Читать книгу Mathematize It! [Grades 6-8] - Kimberly Morrow-Leong - Страница 24

Negative rational number values represent multiple challenges for students. The shortcuts and rules that are often taught can feel nonsensical or random, and students may have internalized ideas about computation that are now challenged. For example, students may still believe that addition and multiplication always make things bigger. This is not necessarily true, and that realization is a big cognitive transition for students to make.

We know that integer computation is a challenging skill for many students to develop. It remains, even for some adults, a mystery of mathematics that equations like this one (⁻6 − ⁻8) with so many signs expressing a negative value, still yields a positive 2. After all, how can subtraction and two negative numbers possibly yield a positive result? For that matter, why does a negative multiplied by a negative give a positive product?
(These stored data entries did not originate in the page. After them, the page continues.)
(* For $k\in\mathbb Z_{>0}$, $0\le l\le k$ and $N\ge1$, the number $p(k,l,N)$ of $ehf$-monomials of length $N$ equals $d^{(N)}_{k,l}(0)$.
   Context: An ordered monomial is a formal product $f_{n-1}^{a_{n-1}}h_{n-1}^{b_{n-1}}e_{n-1}^{c_{n-1}}\cdots e_2^{c_2}f_1^{a_1}h_1^{b_1}e_1^{c_1}f_0^{a_0}$ determined by its nonnegative integer exponents (set $a_i=b_i=c_i=0$ for $i\ge n$); it is an $ehf$-monomial (for given $k,l$) if (i) $a_i+a_{i+1}+b_{i+1}\le k$ for $i\ge0$; (ii) $a_i+b_{i+1}+c_{i+1}\le k$ for $i\ge0$; (iii) $a_i+b_i+c_{i+1}\le k$ for $i>0$; (iv) $b_i+c_i+c_{i+1}\le k$ for $i>0$; (v) $a_0\le l$, $c_1\le k-l$; it has length $N$ if $a_i=b_i=c_i=0$ for $i\ge N$. The level $k$ Verlinde algebra has basis $\pi_0,\dots,\pi_k$ with $\pi_l\pi_{l'}=\sum_i\pi_i$, sum over $|l-l'|\le i\le\min(2k-l-l',l+l')$, $i+l-l'$ even; $d^{(N)}_{k,l}(0)$ is defined by $(\pi_0+2\pi_1+\cdots+(k+1)\pi_k)^N=\sum_ld^{(N)}_{k,l}(0)\pi_l$. *)

theory Defs
  imports Main
begin

text \<open>A monomial is given by exponent
  sequences a, b, c :: nat \<Rightarrow> nat (a_i for i \<ge> 0, b_i and c_i for i \<ge> 1;
  b_0 and c_0 do not occur and are fixed to 0).\<close>

definition is_ehf_monomial :: "nat \<Rightarrow> nat \<Rightarrow> (nat \<Rightarrow> nat) \<Rightarrow> (nat \<Rightarrow> nat) \<Rightarrow> (nat \<Rightarrow> nat) \<Rightarrow> bool" where
  "is_ehf_monomial k l a b c \<longleftrightarrow>
     b 0 = 0 \<and> c 0 = 0 \<and>
     (\<forall>i. a i + a (i+1) + b (i+1) \<le> k) \<and>
     (\<forall>i. a i + b (i+1) + c (i+1) \<le> k) \<and>
     (\<forall>i>0. a i + b i + c (i+1) \<le> k) \<and>
     (\<forall>i>0. b i + c i + c (i+1) \<le> k) \<and>
     a 0 \<le> l \<and> c 1 \<le> k - l"

definition ehf_monomials :: "nat \<Rightarrow> nat \<Rightarrow> nat \<Rightarrow> ((nat \<Rightarrow> nat) \<times> (nat \<Rightarrow> nat) \<times> (nat \<Rightarrow> nat)) set" where
  "ehf_monomials k l N = {(a, b, c). is_ehf_monomial k l a b c \<and>
       (\<forall>i\<ge>N. a i = 0 \<and> b i = 0 \<and> c i = 0)}"

definition p_count :: "nat \<Rightarrow> nat \<Rightarrow> nat \<Rightarrow> nat" where
  "p_count k l N = card (ehf_monomials k l N)"

text \<open>Level k Verlinde algebra: elements are coefficient vectors v :: nat \<Rightarrow> int,
  v i being the coefficient of \<pi>_i (only i \<le> k matter).\<close>

definition verlinde_coeff :: "nat \<Rightarrow> nat \<Rightarrow> nat \<Rightarrow> nat \<Rightarrow> int" where
  "verlinde_coeff k l l' i =
     (if \<bar>int l - int l'\<bar> \<le> int i \<and> int i \<le> min (2 * int k - int l - int l') (int l + int l')
         \<and> even (int i + int l - int l') then 1 else 0)"

definition verlinde_mult :: "nat \<Rightarrow> (nat \<Rightarrow> int) \<Rightarrow> (nat \<Rightarrow> int) \<Rightarrow> (nat \<Rightarrow> int)" where
  "verlinde_mult k x y = (\<lambda>i. if i \<le> k then
      (\<Sum>l\<le>k. \<Sum>l'\<le>k. x l * y l' * verlinde_coeff k l l' i) else 0)"

definition verlinde_basis :: "nat \<Rightarrow> nat \<Rightarrow> (nat \<Rightarrow> int)" where
  "verlinde_basis k j = (\<lambda>i. if i = j then 1 else 0)"

primrec verlinde_pow :: "nat \<Rightarrow> (nat \<Rightarrow> int) \<Rightarrow> nat \<Rightarrow> (nat \<Rightarrow> int)" where
  "verlinde_pow k x 0 = verlinde_basis k 0"
| "verlinde_pow k x (Suc n) = verlinde_mult k (verlinde_pow k x n) x"

definition verlinde_X :: "nat \<Rightarrow> (nat \<Rightarrow> int)" where
  "verlinde_X k = (\<lambda>i. if i \<le> k then int i + 1 else 0)"

definition d_coeff :: "nat \<Rightarrow> nat \<Rightarrow> nat \<Rightarrow> int" where
  "d_coeff N k l = verlinde_pow k (verlinde_X k) N l"

end

theory Submission
  imports Defs
begin

(* Both sides satisfy the same linear recursion in N with the same value at N = 1.
   Deleting the first column (a_0, c_1, b_1) of an ehf-monomial of length N + 1 leaves a
   monomial of length N satisfying (i)-(iv), and this monomial satisfies (v) at level m
   exactly when a_1 <= m <= k - c_2. For fixed a_0 and c_1 the admissible values of b_1 are
   equinumerous with the levels m with max a_1 c_1 <= m <= k - max a_0 c_2; summing over
   a_0 <= l and c_1 <= k - l gives
     p(k, l, N + 1) = sum over m of p(k, m, N) * (min (k - l) m + 1) * (min l (k - m) + 1).
   On the Verlinde side the coefficient of pi_l in pi_m * (pi_0 + 2 pi_1 + ... + (k+1) pi_k)
   is a sum of an arithmetic progression with step 2, and it equals the same product. *)

type_synonym ehf_exponents = "(nat \<Rightarrow> nat) \<times> (nat \<Rightarrow> nat) \<times> (nat \<Rightarrow> nat)"

definition is_free_ehf_monomial :: "nat \<Rightarrow> (nat \<Rightarrow> nat) \<Rightarrow> (nat \<Rightarrow> nat) \<Rightarrow> (nat \<Rightarrow> nat) \<Rightarrow> bool" where
  "is_free_ehf_monomial k a b c \<longleftrightarrow> b 0 = 0 \<and> c 0 = 0 \<and>
     (\<forall>i. a i + a (Suc i) + b (Suc i) \<le> k \<and> a i + b (Suc i) + c (Suc i) \<le> k \<and>
          a (Suc i) + b (Suc i) + c (Suc (Suc i)) \<le> k \<and> b (Suc i) + c (Suc i) + c (Suc (Suc i)) \<le> k)"

lemma is_ehf_monomial_iff_free:
  "is_ehf_monomial k l a b c \<longleftrightarrow> is_free_ehf_monomial k a b c \<and> a 0 \<le> l \<and> c 1 \<le> k - l"
  unfolding is_ehf_monomial_def is_free_ehf_monomial_def
  by (metis Suc_eq_plus1 gr0_implies_Suc zero_less_Suc)

lemma all_nat_split: "(\<forall>i. P i) \<longleftrightarrow> P 0 \<and> (\<forall>i. P (Suc i))"
  by (metis not0_implies_Suc)

lemma is_free_ehf_monomial_cons:
  assumes "b 0 = 0" "c 0 = 0"
  shows "is_free_ehf_monomial k (case_nat x a) (case_nat 0 (b(0 := \<beta>))) (case_nat 0 (c(0 := y)))
    \<longleftrightarrow> is_free_ehf_monomial k a b c \<and>
        x + a 0 + \<beta> \<le> k \<and> x + \<beta> + y \<le> k \<and> a 0 + \<beta> + c 1 \<le> k \<and> \<beta> + y + c 1 \<le> k"
  using assms unfolding is_free_ehf_monomial_def
  by (subst all_nat_split) auto

definition free_ehf_monomials :: "nat \<Rightarrow> nat \<Rightarrow> ehf_exponents set" where
  "free_ehf_monomials k N =
     {(a, b, c). is_free_ehf_monomial k a b c \<and> (\<forall>i\<ge>N. a i = 0 \<and> b i = 0 \<and> c i = 0)}"

lemma ehf_monomials_eq_free:
  "ehf_monomials k l N = free_ehf_monomials k N \<inter> {(a, b, c). a 0 \<le> l \<and> c 1 \<le> k - l}"
  by (auto simp: ehf_monomials_def free_ehf_monomials_def is_ehf_monomial_iff_free)

lemma is_free_ehf_monomial_le:
  assumes "is_free_ehf_monomial k a b c"
  shows "a i \<le> k \<and> b i \<le> k \<and> c i \<le> k"
proof -
  have le: "a j + a (Suc j) + b (Suc j) \<le> k" "a j + b (Suc j) + c (Suc j) \<le> k" for j
    using assms by (auto simp: is_free_ehf_monomial_def)
  have "b 0 = 0" "c 0 = 0"
    using assms by (auto simp: is_free_ehf_monomial_def)
  show ?thesis
  proof (cases i)
    case 0
    then show ?thesis using \<open>b 0 = 0\<close> \<open>c 0 = 0\<close> le[of 0] by simp
  next
    case (Suc j)
    then show ?thesis using le[of i] le[of j] by simp
  qed
qed

lemma finite_free_ehf_monomials: "finite (free_ehf_monomials k N)"
proof -
  define F where "F = {f :: nat \<Rightarrow> nat. \<forall>i. (i \<in> {..<N} \<longrightarrow> f i \<in> {..k}) \<and> (i \<notin> {..<N} \<longrightarrow> f i = 0)}"
  have "finite F"
    unfolding F_def by (rule finite_set_of_finite_funs) auto
  moreover have "free_ehf_monomials k N \<subseteq> F \<times> F \<times> F"
    using is_free_ehf_monomial_le by (fastforce simp: free_ehf_monomials_def F_def)
  ultimately show ?thesis
    by (meson finite_SigmaI finite_subset)
qed

definition leading_exponents :: "nat \<Rightarrow> nat \<Rightarrow> nat \<Rightarrow> nat \<Rightarrow> (nat \<times> nat \<times> nat) set" where
  "leading_exponents k l a1 c2 = {(x, y, \<beta>). x \<le> l \<and> y \<le> k - l \<and>
     x + a1 + \<beta> \<le> k \<and> x + \<beta> + y \<le> k \<and> a1 + \<beta> + c2 \<le> k \<and> \<beta> + y + c2 \<le> k}"

lemma finite_leading_exponents: "finite (leading_exponents k l a1 c2)"
proof (rule finite_subset)
  show "leading_exponents k l a1 c2 \<subseteq> {..k} \<times> {..k} \<times> {..k}"
    by (auto simp: leading_exponents_def)
qed simp

(* The entries b 0 = c 0 = 0 of the tail are unused; after the shift they hold b_1 and c_1. *)
definition ehf_cons :: "ehf_exponents \<times> (nat \<times> nat \<times> nat) \<Rightarrow> ehf_exponents" where
  "ehf_cons = (\<lambda>((a, b, c), (x, y, \<beta>)).
     (case_nat x a, case_nat 0 (b(0 := \<beta>)), case_nat 0 (c(0 := y))))"

definition ehf_uncons :: "ehf_exponents \<Rightarrow> ehf_exponents \<times> (nat \<times> nat \<times> nat)" where
  "ehf_uncons = (\<lambda>(a, b, c). ((a \<circ> Suc, (b \<circ> Suc)(0 := 0), (c \<circ> Suc)(0 := 0)), (a 0, c 1, b 1)))"

lemma ehf_uncons_cons: "b 0 = 0 \<Longrightarrow> c 0 = 0 \<Longrightarrow> ehf_uncons (ehf_cons ((a, b, c), v)) = ((a, b, c), v)"
  by (cases v) (auto simp: ehf_cons_def ehf_uncons_def fun_eq_iff)

lemma ehf_cons_uncons: "b 0 = 0 \<Longrightarrow> c 0 = 0 \<Longrightarrow> ehf_cons (ehf_uncons (a, b, c)) = (a, b, c)"
  by (auto simp: ehf_cons_def ehf_uncons_def fun_eq_iff split: nat.split)

(* For N = 0 the new entries b_1 and c_1 would be forced to vanish. *)
lemma ehf_cons_mem_ehf_monomials_iff:
  assumes "N \<ge> 1" "b 0 = 0" "c 0 = 0"
  shows "ehf_cons ((a, b, c), (x, y, \<beta>)) \<in> ehf_monomials k l (Suc N) \<longleftrightarrow>
    (a, b, c) \<in> free_ehf_monomials k N \<and> (x, y, \<beta>) \<in> leading_exponents k l (a 0) (c 1)"
proof -
  have "(\<forall>i\<ge>Suc N. case_nat x a i = 0 \<and> case_nat 0 (b(0 := \<beta>)) i = 0 \<and> case_nat 0 (c(0 := y)) i = 0)
    \<longleftrightarrow> (\<forall>i\<ge>N. a i = 0 \<and> b i = 0 \<and> c i = 0)"
    using assms by (auto simp: all_nat_split[of "\<lambda>i. Suc N \<le> i \<longrightarrow> _ i"])
  then show ?thesis
    using assms
    by (auto simp: ehf_cons_def ehf_monomials_eq_free free_ehf_monomials_def leading_exponents_def
        is_free_ehf_monomial_cons)
qed

lemma bij_betw_ehf_cons:
  assumes "N \<ge> 1"
  shows "bij_betw ehf_cons (SIGMA (a, b, c):free_ehf_monomials k N. leading_exponents k l (a 0) (c 1))
    (ehf_monomials k l (Suc N))" (is "bij_betw _ ?S _")
proof (rule bij_betw_byWitness[where f' = ehf_uncons])
  show "\<forall>p\<in>?S. ehf_uncons (ehf_cons p) = p"
    by (auto simp: free_ehf_monomials_def is_free_ehf_monomial_def ehf_uncons_cons)
  show "\<forall>q\<in>ehf_monomials k l (Suc N). ehf_cons (ehf_uncons q) = q"
    by (auto simp: ehf_monomials_def is_ehf_monomial_def ehf_cons_uncons)
  show "ehf_cons ` ?S \<subseteq> ehf_monomials k l (Suc N)"
    using assms by (auto simp: ehf_cons_mem_ehf_monomials_iff free_ehf_monomials_def is_free_ehf_monomial_def)
  show "ehf_uncons ` ehf_monomials k l (Suc N) \<subseteq> ?S"
  proof (rule image_subsetI)
    fix q assume q: "q \<in> ehf_monomials k l (Suc N)"
    obtain a b c where abc: "q = (a, b, c)" by (cases q)
    with q have "b 0 = 0" "c 0 = 0"
      by (auto simp: ehf_monomials_def is_ehf_monomial_def)
    then show "ehf_uncons q \<in> ?S"
      using q assms ehf_cons_mem_ehf_monomials_iff[where a = "a \<circ> Suc" and b = "(b \<circ> Suc)(0 := 0)"
          and c = "(c \<circ> Suc)(0 := 0)" and x = "a 0" and y = "c 1" and \<beta> = "b 1"]
        ehf_cons_uncons[of b c a]
      by (simp add: abc ehf_uncons_def)
  qed
qed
However, our focus in this book is not on computation strategies but, rather, on making sense of problem situations.

We firmly believe that if students reason about the problem situation, they can not only find a solution pathway, but they are more likely to understand where the answer comes from and why it’s correct. Further, a deeper understanding of the structure of the problem situations and operations better prepares them to engage in mathematical modeling now as well as in future mathematics classes and into adulthood.
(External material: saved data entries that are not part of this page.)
lemma integral_signed_powr_density:
  assumes p: "p > 0"
    and [measurable]: "g \<in> borel_measurable borel" "H \<in> borel_measurable borel"
    and integrable: "integrable lborel (\<lambda>x. g x * H (signed_powr p x))"
  shows "integrable lborel (\<lambda>y. signed_powr_density p g y * H y)"
    and "integral\<^sup>L lborel (\<lambda>y. signed_powr_density p g y * H y)
         = integral\<^sup>L lborel (\<lambda>x. g x * H (signed_powr p x))"
proof -
  define F where "F y = signed_powr_density p g y * H y" for y
  have [measurable]: "F \<in> borel_measurable borel"
    unfolding F_def[abs_def] by measurable
  define b where "b = integral\<^sup>L lborel (\<lambda>x. g x * H (signed_powr p x))"
  have conegligible: "negligible (- (- {0 :: real}))"
    by simp
  have "(\<lambda>x. g x * H (signed_powr p x)) absolutely_integrable_on - {0}"
    using integrable by (subst integrable_lborel_iff_absolutely_integrable_on[OF _ conegligible, symmetric]) auto
  then have "(\<lambda>x. g x * H (signed_powr p x)) absolutely_integrable_on - {0} \<and>
             integral (- {0}) (\<lambda>x. g x * H (signed_powr p x)) = b"
    using integral_lborel_eq_integral_on[OF integrable conegligible] by (simp add: b_def)
  moreover have "p * \<bar>x\<bar> powr (p - 1) * F (signed_powr p x) = g x * H (signed_powr p x)" if "x \<in> - {0}" for x
    using signed_powr_density_signed_powr[OF p, of x g] that by (simp add: F_def mult.assoc[symmetric])
  then have "(\<lambda>x. p * \<bar>x\<bar> powr (p - 1) * F (signed_powr p x)) absolutely_integrable_on - {0} \<and>
               integral (- {0}) (\<lambda>x. p * \<bar>x\<bar> powr (p - 1) * F (signed_powr p x)) = b
             \<longleftrightarrow> (\<lambda>x. g x * H (signed_powr p x)) absolutely_integrable_on - {0} \<and>
                 integral (- {0}) (\<lambda>x. g x * H (signed_powr p x)) = b"
    by (rule absolutely_integrable_on_integral_cong)
  ultimately have F_on_nonzero: "F absolutely_integrable_on - {0} \<and> integral (- {0}) F = b"
    using has_absolute_integral_signed_powr_substitution[OF p, of F b] by blast
  then have F_integrable: "integrable lborel F"
    by (subst integrable_lborel_iff_absolutely_integrable_on[OF _ conegligible]) auto
  then show "integrable lborel (\<lambda>y. signed_powr_density p g y * H y)"
    by (simp add: F_def[abs_def])
  show "integral\<^sup>L lborel (\<lambda>y. signed_powr_density p g y * H y) = integral\<^sup>L lborel (\<lambda>x. g x * H (signed_powr p x))"
    using integral_lborel_eq_integral_on[OF F_integrable conegligible] F_on_nonzero by (simp add: F_def[abs_def] b_def)
qed

lemma distr_signed_powr_density:
  assumes "p > 0"
    and [measurable]: "g \<in> borel_measurable borel"
    and nonneg: "\<And>x. 0 \<le> g x" and integrable: "integrable lborel g"
  shows "distr (density lborel (\<lambda>x. ennreal (g x))) lborel (signed_powr p)
         = density lborel (\<lambda>y. ennreal (signed_powr_density p g y))"
proof (rule measure_eqI)
  fix A
  assume "A \<in> sets (distr (density lborel (\<lambda>x. ennreal (g x))) lborel (signed_powr p))"
  then have A_borel [measurable]: "A \<in> sets borel"
    by simp
  have "signed_powr p -` A \<in> sets lborel"
    using measurable_sets_borel[OF borel_measurable_signed_powr A_borel] by simp
  then have "integrable lborel (\<lambda>x. g x * indicator (signed_powr p -` A) x)"
    using integrable by (rule integrable_real_mult_indicator)
  then have integrable_A: "integrable lborel (\<lambda>x. g x * indicator A (signed_powr p x))"
    by (simp add: indicator_def)
  have "emeasure (distr (density lborel (\<lambda>x. ennreal (g x))) lborel (signed_powr p)) A
        = (\<integral>\<^sup>+ x. ennreal (g x * indicator A (signed_powr p x)) \<partial>lborel)"
    using measurable_sets_borel[OF borel_measurable_signed_powr A_borel]
    by (subst emeasure_distr) (auto simp: emeasure_density intro!: nn_integral_cong split: split_indicator)
  also have "\<dots> = ennreal (\<integral>x. g x * indicator A (signed_powr p x) \<partial>lborel)"
    using integrable_A nonneg by (intro nn_integral_eq_integral) auto
  also have "\<dots> = ennreal (\<integral>y. signed_powr_density p g y * indicator A y \<partial>lborel)"
    using integral_signed_powr_density(2)[OF assms(1,2) _ integrable_A] by simp
  also have "\<dots> = (\<integral>\<^sup>+ y. ennreal (signed_powr_density p g y * indicator A y) \<partial>lborel)"
    using integral_signed_powr_density(1)[OF assms(1,2) _ integrable_A] signed_powr_density_nonneg[OF assms(1) nonneg]
    by (intro nn_integral_eq_integral[symmetric]) auto
  also have "\<dots> = emeasure (density lborel (\<lambda>y. ennreal (signed_powr_density p g y))) A"
    by (subst emeasure_density) (auto intro!: nn_integral_cong split: split_indicator)
  finally show "emeasure (distr (density lborel (\<lambda>x. ennreal (g x))) lborel (signed_powr p)) A
                = emeasure (density lborel (\<lambda>y. ennreal (signed_powr_density p g y))) A" .
qed simp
In each chapter, we will explore the problem situation first with fractions, decimals, and whole numbers. In the second half of each chapter, we introduce problem situations that include negative values. We also explore the symbols used in mathematics to describe a negative value. The negative symbol (−) actually has three different meanings (Stephan & Akyuz, 2012):

1 Subtraction: This symbol (−x), which children learn in elementary school, functions like a verb, an operator between the two values that come before and after the symbol.

2 Less than zero: In the middle grades, we introduce a symbol (−x) that distinguishes a negative from a positive number. In this case, the symbol functions more like an adjective. For example, the symbol in front of −5 describes a value that is 5 units less than zero. In contrast the symbol in front of +5 describes a value 5 units greater than zero.

3 The opposite: This use of the negative symbol (−x) conveys the idea of “the opposite,” or the additive inverse. In this respect, it toggles back and forth between positive and negative values. Reading −x as “the opposite of x” instead of as “negative x” communicates that −x represents the additive inverse of x. If the value of x is already negative, students are often confused by the outcome. For example, when x is −5, −x is the additive inverse of −5, or +5. How can a number that appears negative (−x) have a positive value (+5)?

Distinguishing among these three different uses of the negative symbol may help students recognize them in context and help them be more deliberate in their own use. Conventions about the use of negative numbers are not intuitive for students (Whitacre et al., 2014). They may initially use values and signs (magnitude and direction) in ways that make sense to them but that may or may not correspond to standard conventions (Kidd, 2007). The flashlight problem at the beginning of this chapter is typical. The student’s solution relied entirely on positive numbers and a subtraction operator to find the correct answer (10 − 2 = 8). This worked for the student likely because she recognized that the explorer never reached 0 to leave the cave. However, a more accurate equation for a problem situation that describes a descent and a climb out of a cave needs to include negative values to be accurate, as in ⁻10 + x = ⁻2. Does this matter? In this book we will make the case that it does matter. The incorrect equation given by this student may not be so much a “mistake” as it is a mistranslation of her understanding of the problem situation to a more accurate notation. We will return many more times to this idea of connecting the meaning of a problem situation to the various representations used to describe it.